What really matters is whether individual students are borrowing reasonable amounts and getting the best available loans. Some students do borrow too much and we should find ways to discourage that borrowing up front. They are particularly at risk if they rely on private or alternative loans, which do not come with the repayment protection of federal student loans. Among students who began their postsecondary studies in 2003-04, 68 percent had accumulated less than $10,000 in debt by 2009, 15 percent had borrowed more than $20,000 for their undergraduate education, and only 2 percent had borrowed more than $50,000. If we look only at bachelor’s degree recipients (i.e., excluding borrowers in associates’ or certificate programs and those who left school before completing their program), the debt levels are higher, but so are post-college earnings.

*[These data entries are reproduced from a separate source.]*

subsection \<open>The lifting criterion\<close>

definition closed_lift_iff_kernel ::
  "'a::topological_space set \<Rightarrow> 'b::topological_space set \<Rightarrow> ('b \<Rightarrow> 'a) \<Rightarrow> ('a chain set \<Rightarrow> int) \<Rightarrow> bool"
  where "closed_lift_iff_kernel S X p \<phi> \<longleftrightarrow>
    (\<forall>\<gamma> \<gamma>'. loop_in S \<gamma> \<and> path \<gamma>' \<and> path_image \<gamma>' \<subseteq> X \<and> (\<forall>t\<in>{0..1}. p (\<gamma>' t) = \<gamma> t)
       \<longrightarrow> (pathfinish \<gamma>' = pathstart \<gamma>' \<longleftrightarrow> \<phi> (loop_class S \<gamma>) = 0))"

lemma closed_lift_iff_kernelD:
  assumes "closed_lift_iff_kernel S X p \<phi>" "loop_in S \<gamma>" "path \<gamma>'" "path_image \<gamma>' \<subseteq> X"
    "\<And>t. t \<in> {0..1} \<Longrightarrow> p (\<gamma>' t) = \<gamma> t"
  shows "pathfinish \<gamma>' = pathstart \<gamma>' \<longleftrightarrow> \<phi> (loop_class S \<gamma>) = 0"
  using assms unfolding closed_lift_iff_kernel_def by blast

lemma is_cover_pE:
  assumes "is_cover_p S g a b m X p"
  obtains \<phi> where "covering_space X p S" "path_connected X"
    "cover_hom S g a b m \<phi>" "closed_lift_iff_kernel S X p \<phi>"
  using assms unfolding is_cover_p_def closed_lift_iff_kernel_def by blast

lemma kernel_loop_closed_lift:
  fixes S :: "'a::real_normed_vector set" and X :: "'b::real_normed_vector set"
  assumes cov: "covering_space X p S" and lift: "closed_lift_iff_kernel S X p \<phi>"
    and \<gamma>: "loop_in S \<gamma>" "\<phi> (loop_class S \<gamma>) = 0" and y: "y \<in> X" "p y = pathstart \<gamma>"
  obtains q where "path q" "path_image q \<subseteq> X" "pathstart q = y" "pathfinish q = y"
    "\<And>t. t \<in> {0..1} \<Longrightarrow> p (q t) = \<gamma> t"
proof -
  have "path \<gamma>" "path_image \<gamma> \<subseteq> S"
    using \<gamma>(1) by (auto simp: loop_in_def)
  then obtain q where q: "path q" "path_image q \<subseteq> X" "pathstart q = y"
    and pq: "\<And>t. t \<in> {0..1} \<Longrightarrow> p (q t) = \<gamma> t"
    by (rule covering_space_lift_path_strong[OF cov y(1) _ _ y(2)[symmetric]]) blast
  moreover have "pathfinish q = pathstart q"
    using closed_lift_iff_kernelD[OF lift \<gamma>(1) q(1,2) pq] \<gamma>(2) by simp
  ultimately show ?thesis
    using that by simp
qed
lemma determined_by_mono: "determined_by J C \<Longrightarrow> J \<subseteq> K \<Longrightarrow> determined_by K C"
  unfolding determined_by_def by blast

lemma determined_by_UN:
  "(\<And>x. x \<in> X \<Longrightarrow> determined_by J (A x)) \<Longrightarrow> determined_by J (\<Union>x\<in>X. A x)"
  unfolding determined_by_def by blast

lemma determined_by_PiE: "determined_by {i. U i \<noteq> UNIV} (Pi\<^sub>E UNIV U)"
proof -
  have "x i \<in> U i \<longleftrightarrow> y i \<in> U i" if "\<forall>j\<in>{i. U i \<noteq> UNIV}. x j = y j" for x y :: cantor and i
    using that by (cases "U i = UNIV") auto
  then show ?thesis unfolding determined_by_def PiE_UNIV_domain Pi_iff by blast
qed

lemma determined_by_coord_set: "determined_by J (coord_set J W)"
  unfolding determined_by_def
proof (intro allI impI)
  fix x y :: cantor
  assume "\<forall>j\<in>J. x j = y j"
  then have "{j\<in>J. x j} = {j\<in>J. y j}" by auto
  then show "x \<in> coord_set J W \<longleftrightarrow> y \<in> coord_set J W" by (simp add: coord_set_def)
qed

lemma determined_by_imp_coord_set:
  assumes "determined_by J C"
  shows "\<exists>W\<subseteq>Pow J. C = coord_set J W"
proof (intro exI conjI)
  let ?W = "{F. F \<subseteq> J \<and> (\<lambda>j. j \<in> F) \<in> C}"
  have "x \<in> C \<longleftrightarrow> (\<lambda>j. j \<in> {j\<in>J. x j}) \<in> C" for x
    using assms unfolding determined_by_def by (metis (mono_tags, lifting) mem_Collect_eq)
  then show "C = coord_set J ?W" unfolding coord_set_def by auto
qed auto

lemma open_coord_set:
  assumes "finite J"
  shows "open (coord_set J W)"
proof -
  have eq: "coord_set J W = (\<Union>x\<in>coord_set J W. {y. \<forall>j\<in>J. y (id j) \<in> {x j}})"
    using determined_by_coord_set[of J W] unfolding determined_by_def by auto
  show ?thesis
    by (subst eq, intro open_UN ballI product_topology_basis')
      (use assms in \<open>auto intro: discrete_topology_class.open_discrete\<close>)
qed

lemma clopen_coord_set: "finite J \<Longrightarrow> clopen_set (coord_set J W)"
  using open_coord_set[of J W] open_coord_set[of J "- W"]
  unfolding clopen_set_def closed_def coord_set_def by (simp add: Compl_eq)

lemma compact_UNIV_cantor: "compact (UNIV :: cantor set)"
proof -
  have "compact_space (euclidean :: bool topology)"
    by (simp add: compact_space_def compactin_euclidean_iff finite_imp_compact)
  then have "compact_space (product_topology (\<lambda>i::nat. euclidean :: bool topology) UNIV)"
    using compact_space_product_topology by blast
  then show ?thesis
    by (simp add: euclidean_product_topology compact_space_def compactin_euclidean_iff)
qed

text \<open>Cover C by basic open sets inside it; compactness leaves finitely many, and C
  is determined by the union of their (finite) supports.\<close>
lemma clopen_determined_by_finite:
  assumes "clopen_set C"
  obtains J where "finite J" "determined_by J C"
proof -
  have "\<exists>U. finite {i. U i \<noteq> UNIV} \<and> x \<in> Pi\<^sub>E UNIV U \<and> Pi\<^sub>E UNIV U \<subseteq> C" if "x \<in> C" for x
    using assms that unfolding clopen_set_def open_fun_def openin_product_topology_alt by force
  then obtain U where U: "\<And>x. x \<in> C \<Longrightarrow>
      finite {i. U x i \<noteq> UNIV} \<and> x \<in> Pi\<^sub>E UNIV (U x) \<and> Pi\<^sub>E UNIV (U x) \<subseteq> C"
    by metis
  have "compact C"
    using assms compact_UNIV_cantor unfolding clopen_set_def by (metis closed_Int_compact inf_top_right)
  moreover have "open (Pi\<^sub>E UNIV (U x))" if "x \<in> C" for x
    using U[OF that] by (simp add: open_PiE discrete_topology_class.open_discrete)
  moreover have "C \<subseteq> (\<Union>x\<in>C. Pi\<^sub>E UNIV (U x))" using U by blast
  ultimately obtain X where X: "X \<subseteq> C" "finite X" "C \<subseteq> (\<Union>x\<in>X. Pi\<^sub>E UNIV (U x))"
    by (rule compactE_image)
  define J where "J = (\<Union>x\<in>X. {i. U x i \<noteq> UNIV})"
  have "C = (\<Union>x\<in>X. Pi\<^sub>E UNIV (U x))" using X U by blast
  moreover have "determined_by J (Pi\<^sub>E UNIV (U x))" if "x \<in> X" for x
    by (rule determined_by_mono[OF determined_by_PiE]) (use that in \<open>auto simp: J_def\<close>)
  ultimately have "determined_by J C" by (simp add: determined_by_UN)
  moreover have "finite J" unfolding J_def using X U by blast
  ultimately show thesis using that by blast
qed

lemma clopen_vimage:
  assumes "continuous_on UNIV f" "clopen_set (C :: cantor set)"
  shows "clopen_set (f -` C :: cantor set)"
  using assms continuous_on_open_vimage[of UNIV f] continuous_on_closed_vimage[of UNIV f]
  unfolding clopen_set_def by simp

People tend to compare individuals with student loan obligations to those with similar earnings who do not have the same debt. It’s not a surprise that the consumption options of former students who borrowed are more limited than those whose parents paid their way. But what if those students hadn’t borrowed? Chances are they would not have had the same education, job, or earnings. The more important comparison is between the students’ opportunities with a college education and some debt and their opportunities if they did not attend college at all.
Refuting the Bubble Argument
But are student loans the next “housing bubble”? Absolutely not. Student loan debt has risen to 9 percent of total household debt. In comparison, mortgage debt constitutes 71 percent of the total debt. Even if everyone defaulted on their student loans, we would not have another economic collapse.
Further, student loans and mortgages are completely different. To simplify a complex issue, the housing loan crisis occurred when people bought houses with mortgages they could not afford expecting the prices of the houses to rise. They thought they would be able to sell those homes at a profit, but interest rates on many of these mortgages rose and prices collapsed. Many homeowners ended up owing the bank more than the equity they had in their homes and many were unable to make the required payments. Selling wasn’t viable and those who lost their jobs or were victimized by predatory lenders often couldn’t make the payments.
No one is buying a college education in the hope that they can sell it in the future for a higher price. Students pay for college with the hope that the combined knowledge and credentials they receive will increase their future earnings, raising their standard of living and allowing them to repay their loans. It won’t be a problem for today’s students if future students pay higher or lower prices for college. It would be a problem, however, if college graduates started earning less than high school graduates, or even if the gap between the two were to close. That is not going to happen. Employers will not simply wake up one day and decide that they no longer value education.
Refocusing on Borrowers’ Needs
Headline-grabbing statements about high aggregate loan debt don’t help the students who need our attention. We should focus on the debt levels of individual students. We should improve the policies in place to protect students against circumstances beyond their control that lead to repayment problems. And we should provide incoming students with better information and advice so they don’t make poor education and career decisions or borrow excessive amounts.
Sandy Baum, Ph.D. is an independent higher education policy analyst, a senior fellow at the Urban Institute, a senior fellow at the George Washington University Graduate School of Education and Human Development, and professor emerita of Economics at Skidmore College.